━━━━━ Data for review

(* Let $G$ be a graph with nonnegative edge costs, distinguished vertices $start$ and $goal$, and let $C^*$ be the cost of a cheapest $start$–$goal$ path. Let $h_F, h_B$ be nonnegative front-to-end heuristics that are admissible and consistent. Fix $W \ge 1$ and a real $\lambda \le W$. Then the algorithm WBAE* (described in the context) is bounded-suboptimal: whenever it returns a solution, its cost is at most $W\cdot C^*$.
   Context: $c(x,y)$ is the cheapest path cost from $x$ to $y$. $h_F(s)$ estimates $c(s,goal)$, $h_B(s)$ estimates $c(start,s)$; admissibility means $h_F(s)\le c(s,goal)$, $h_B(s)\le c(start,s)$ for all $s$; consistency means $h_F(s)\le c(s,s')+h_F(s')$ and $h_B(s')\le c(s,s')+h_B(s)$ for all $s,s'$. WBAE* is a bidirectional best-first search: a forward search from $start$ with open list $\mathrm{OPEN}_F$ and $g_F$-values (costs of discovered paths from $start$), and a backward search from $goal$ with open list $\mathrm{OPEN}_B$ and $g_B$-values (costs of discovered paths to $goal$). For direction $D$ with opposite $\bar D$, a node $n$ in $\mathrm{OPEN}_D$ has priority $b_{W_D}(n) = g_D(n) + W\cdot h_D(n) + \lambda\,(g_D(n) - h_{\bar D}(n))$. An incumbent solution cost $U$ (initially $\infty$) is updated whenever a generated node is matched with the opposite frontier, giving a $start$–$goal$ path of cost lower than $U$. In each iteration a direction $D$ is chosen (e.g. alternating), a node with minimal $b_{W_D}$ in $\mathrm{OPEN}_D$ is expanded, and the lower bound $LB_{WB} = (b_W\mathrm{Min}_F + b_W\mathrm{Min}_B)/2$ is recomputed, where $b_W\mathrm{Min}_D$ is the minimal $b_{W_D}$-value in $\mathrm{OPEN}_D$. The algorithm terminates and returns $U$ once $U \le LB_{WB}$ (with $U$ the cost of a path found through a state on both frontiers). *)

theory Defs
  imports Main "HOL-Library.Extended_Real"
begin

━━━━━━━━━━

Problem
Your reply should consist only of the lines running from the line with "theory Defs" to the end of the listing, retyped exactly.

Exercise result
theory Defs
  imports Main "HOL-Library.Extended_Real"
begin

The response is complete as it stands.